The analysis steps and answers of individual questions in this assignment are mentioned separately.
data <- read.csv("./activity.csv")
dataclean <- data[-which(is.na(data)),]
For this part of the assignment, you can ignore the missing values in the dataset. * Step 1: Make a histogram of the total number of steps taken each day
totalsteps <- aggregate(steps~date, data=dataclean, sum)
hist(totalsteps$steps, xlab="Total Steps", main="Total Steps taken per day")
mean(totalsteps$steps)
## [1] 10766.19
median(totalsteps$steps)
## [1] 10765
averagestepsperday <- aggregate(steps~interval, data=dataclean, mean)
plot(averagestepsperday$interval, averagestepsperday$steps, type="l")

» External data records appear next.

lemma diana_state_measurable_step:
  assumes S: "diana_state_measurable N n S" and Y: "Y \<in> measurable N Wt"
    and gf: "\<And>i. i < n \<Longrightarrow> gf i \<in> borel_measurable borel"
    and C: "\<And>i. i < n \<Longrightarrow> (\<lambda>(x, w). C i x w) \<in> borel_measurable (borel \<Otimes>\<^sub>M Wt)"
  shows "diana_state_measurable N n (\<lambda>z. diana_step n gf C lam gam (S z) (Y z))"
proof -
  have d: "(\<lambda>z. C i (gf i (fst (S z)) - fst (snd (S z)) i) (Y z)) \<in> borel_measurable N" if i: "i < n" for i
  proof -
    have "(\<lambda>z. (gf i (fst (S z)) - fst (snd (S z)) i, Y z)) \<in> measurable N (borel \<Otimes>\<^sub>M Wt)"
      using S i measurable_compose[OF _ gf[OF i]] Y
      by (intro measurable_Pair borel_measurable_diff) (auto simp: diana_state_measurable_def)
    from measurable_compose[OF this C[OF i]] show ?thesis by simp
  qed
  then have "(\<lambda>z. \<Sum>i<n. C i (gf i (fst (S z)) - fst (snd (S z)) i) (Y z)) \<in> borel_measurable N"
    by (intro borel_measurable_sum) auto
  with S d show ?thesis
    unfolding diana_state_measurable_def diana_step_def Let_def fst_conv snd_conv by auto
qed

lemma diana_state_measurable_iterate:
  assumes gf: "\<And>i. i < n \<Longrightarrow> gf i \<in> borel_measurable borel"
    and Cop: "\<And>t i. i < n \<Longrightarrow> (\<lambda>(x, w). Cop t i x w) \<in> borel_measurable (borel \<Otimes>\<^sub>M W t)"
  shows "t \<le> T \<Longrightarrow> diana_state_measurable (PiM {..<T} W) n (\<lambda>w. diana n gf Cop lam gam x0 h0 w t)"
proof (induction t)
  case 0
  then show ?case by (simp add: diana_state_measurable_def)
next
  case (Suc t)
  have "(\<lambda>w. w t) \<in> measurable (PiM {..<T} W) (W t)"
    using Suc.prems by (intro measurable_component_singleton) simp
  with Suc show ?case
    unfolding diana_Suc_step by (intro diana_state_measurable_step[where Wt="W t"] gf Cop) simp_all
qed

lemma borel_measurable_lyap:
  assumes S: "diana_state_measurable N n S"
    and F: "F \<in> borel_measurable borel" and gf: "\<And>i. i < n \<Longrightarrow> gf i \<in> borel_measurable borel"
  shows "(\<lambda>z. lyap n F gf fstar gam \<theta> (S z)) \<in> borel_measurable N"
proof -
  have "(\<lambda>z. gf i (fst (S z))) \<in> borel_measurable N" if "i < n" for i
    using S measurable_compose[OF _ gf[OF that]] by (auto simp: diana_state_measurable_def)
  moreover have "(\<lambda>z. F (fst (S z))) \<in> borel_measurable N"
    using S measurable_compose[OF _ F] by (auto simp: diana_state_measurable_def)
  ultimately show ?thesis
    using S unfolding lyap_def diana_state_measurable_def
    by (intro borel_measurable_add borel_measurable_diff borel_measurable_times borel_measurable_sum
        borel_measurable_power borel_measurable_norm) auto
qed

lemma (in prob_space) nn_integral_lyap_diana_le:
  fixes \<xi> :: "nat \<Rightarrow> 'a \<Rightarrow> 'w" and gf :: "nat \<Rightarrow> 'b::euclidean_space \<Rightarrow> 'b"
    and Cop :: "nat \<Rightarrow> nat \<Rightarrow> 'b \<Rightarrow> 'w \<Rightarrow> 'b"
  assumes indep: "indep_vars W \<xi> UNIV"
    and gf: "\<And>i. i < n \<Longrightarrow> gf i \<in> borel_measurable borel"
    and Cop: "\<And>t i. i < n \<Longrightarrow> (\<lambda>(x, w). Cop t i x w) \<in> borel_measurable (borel \<Otimes>\<^sub>M W t)"
    and F: "F \<in> borel_measurable borel"
    and \<rho>: "0 \<le> \<rho>"
    and contract: "\<And>t w. (\<integral>\<^sup>+ v. ennreal (lyap n F gf fstar gam \<theta>
                       (diana_step n gf (Cop t) lam gam (diana n gf Cop lam gam x0 h0 w t) (\<xi> t v))) \<partial>M)
                   \<le> ennreal (\<rho> * lyap n F gf fstar gam \<theta> (diana n gf Cop lam gam x0 h0 w t))"
  shows "(\<integral>\<^sup>+ v. ennreal (lyap n F gf fstar gam \<theta> (diana n gf Cop lam gam x0 h0 (\<lambda>k. \<xi> k v) t)) \<partial>M)
         \<le> ennreal (\<rho> ^ t * lyap n F gf fstar gam \<theta> (x0, h0, (1 / real n) *\<^sub>R (\<Sum>i<n. h0 i)))"
proof -
  define S where "S = diana n gf Cop lam gam x0 h0"
  define \<Psi> where "\<Psi> = lyap n F gf fstar gam \<theta>"
  have state: "diana_state_measurable (PiM {..<t} W) n (\<lambda>w. S w t)" for t
    unfolding S_def by (rule diana_state_measurable_iterate) (use gf Cop in auto)
  note \<Psi>_meas = borel_measurable_lyap[OF _ F gf]
  have "(\<integral>\<^sup>+ v. ennreal (\<Psi> (S (\<lambda>k. \<xi> k v) t)) \<partial>M) \<le> ennreal (\<rho> ^ t * \<Psi> (S w 0))" for w
  proof (rule nn_integral_random_recursion_le[where S=S and step="\<lambda>t. diana_step n gf (Cop t) lam gam",
        OF indep _ _ _ _ contract[folded S_def \<Psi>_def] \<rho>])
    show "(\<lambda>w. \<Psi> (S w t)) \<in> borel_measurable (PiM {..<t} W)" for t
      unfolding \<Psi>_def by (rule \<Psi>_meas[OF state])
    show "(\<lambda>p. \<Psi> (diana_step n gf (Cop t) lam gam (S (fst p) t) (snd p)))
        \<in> borel_measurable (PiM {..<t} W \<Otimes>\<^sub>M W t)" for t
      unfolding \<Psi>_def by (rule \<Psi>_meas, rule diana_state_measurable_step[where Wt="W t"])
        (use diana_state_measurable_comp[OF state measurable_fst] gf Cop in auto)
  qed (unfold S_def, fact diana_Suc_step, fact diana_cong)
  then show ?thesis by (simp add: S_def \<Psi>_def)
qed

section \<open>The constants and the rate\<close>

lemma s_star_pos: "0 < r \<Longrightarrow> r < 1 \<Longrightarrow> 0 < s_star r"
  unfolding s_star_def by (simp add: real_less_rsqrt field_simps)

lemma one_plus_s_star_power2: "0 < r \<Longrightarrow> (1 + s_star r)\<^sup>2 * r = (r + 1) / 2"
  unfolding s_star_def by (simp add: field_simps)

lemma theta_star_pos: "0 < r \<Longrightarrow> r < 1 \<Longrightarrow> 0 < r_av \<Longrightarrow> 0 < theta_star r r_av"
  unfolding theta_star_def using s_star_pos[of r] by simp

lemma theta_star_mult: "0 < r_av \<Longrightarrow> theta_star r r_av * r_av = s_star r * (1 + s_star r) * r"
  unfolding theta_star_def by simp

lemma diana_stepsize_condition:
  assumes r: "0 < r" "r < 1" and r_av: "0 < r_av" and gam: "0 < gam" and L: "0 \<le> L" and Lt2: "0 \<le> Lt2"
    and le: "gam \<le> 1 / (L + sqrt Lt2 * sqrt (r_av / r) * (1 / s_star r))"
  shows "gam * L + gam\<^sup>2 * (1 + 1 / s_star r) / theta_star r r_av * Lt2 \<le> 1"
proof -
  define s where "s = s_star r"
  have s: "0 < s" using s_star_pos[OF r] by (simp add: s_def)
  have "(gam * (sqrt Lt2 * sqrt (r_av / r) * (1 / s)))\<^sup>2 = gam\<^sup>2 * (1 + 1 / s) / theta_star r r_av * Lt2"
    using s r r_av Lt2 unfolding theta_star_def s_def[symmetric]
    by (simp add: power_mult_distrib power_divide divide_simps power2_eq_square) (simp add: algebra_simps)
  moreover have "gam * L + (gam * (sqrt Lt2 * sqrt (r_av / r) * (1 / s)))\<^sup>2 \<le> 1"
    using le s r r_av Lt2 by (intro stepsize_le_inverse_sum[OF gam L]) (simp_all add: s_def)
  ultimately show ?thesis by (simp add: s_def)
qed

lemma diana_rate_bound:
  fixes gap g2 G gam mu \<theta> s r r_av \<rho> :: real
  assumes PL: "2 * mu * gap \<le> g2" and gap: "0 \<le> gap" and gam: "0 \<le> gam" and \<theta>: "0 < \<theta>" and G: "0 \<le> G"
    and rel: "\<theta> * r_av = s * (1 + s) * r"
    and \<rho>1: "1 - gam * mu \<le> \<rho>" and \<rho>2: "(1 + s)\<^sup>2 * r \<le> \<rho>"
  shows "gap - gam / 2 * g2 + gam / (2 * \<theta>) * (\<theta> * r_av + (1 + s) * r) * G \<le> \<rho> * (gap + gam / (2 * \<theta>) * G)"
proof -
  have "gap - gam / 2 * g2 \<le> (1 - gam * mu) * gap"
    using mult_left_mono[OF PL gam] by (simp add: algebra_simps)
  also have "\<dots> \<le> \<rho> * gap" using \<rho>1 gap by (rule mult_right_mono)
  finally have "gap - gam / 2 * g2 \<le> \<rho> * gap" .
  moreover have "\<theta> * r_av + (1 + s) * r = (1 + s)\<^sup>2 * r"
    unfolding rel by (simp add: power2_eq_square algebra_simps)
  moreover have "gam / (2 * \<theta>) * ((1 + s)\<^sup>2 * r) * G \<le> gam / (2 * \<theta>) * \<rho> * G"
    using \<rho>2 gam \<theta> G by (intro mult_right_mono mult_left_mono) auto
  ultimately show ?thesis by (simp add: algebra_simps)
qed

section \<open>Expected decrease of the Lyapunov function in one step\<close>

lemma lyap_nonneg:
  assumes "\<And>y. fstar \<le> f y" and "0 \<le> gam" and "0 \<le> \<theta>"
  shows "0 \<le> lyap n f gf fstar gam \<theta> st"
  using assms unfolding lyap_def by (intro add_nonneg_nonneg mult_nonneg_nonneg sum_nonneg) auto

averagestepsperday$interval[which(averagestepsperday$steps==max(averagestepsperday$steps))]
## [1] 835
Note that there are a number of days/intervals where there are missing values (coded as NA). The presence of missing days may introduce bias into some calculations or summaries of the data. * Step 1: Calculate and report the total number of missing values in the dataset (i.e. the total number of rows with NAs)
sum(is.na(data[,1]))
## [1] 2304
I plot missing data in order to understand how missing data distribute. I found missing data occur in consequent intervals.
plot(which(is.na(data)), xlab="Interval per day", ylab="Observation Index")
Thus, the strategy I use is following: filling in the missing values with the median value of the total steps / (number of intervals per day) in individual 5-minute interval.
datanew <- data
datanew$steps[which(is.na(data))] <- median(totalsteps$steps)/(max(data$interval)/5)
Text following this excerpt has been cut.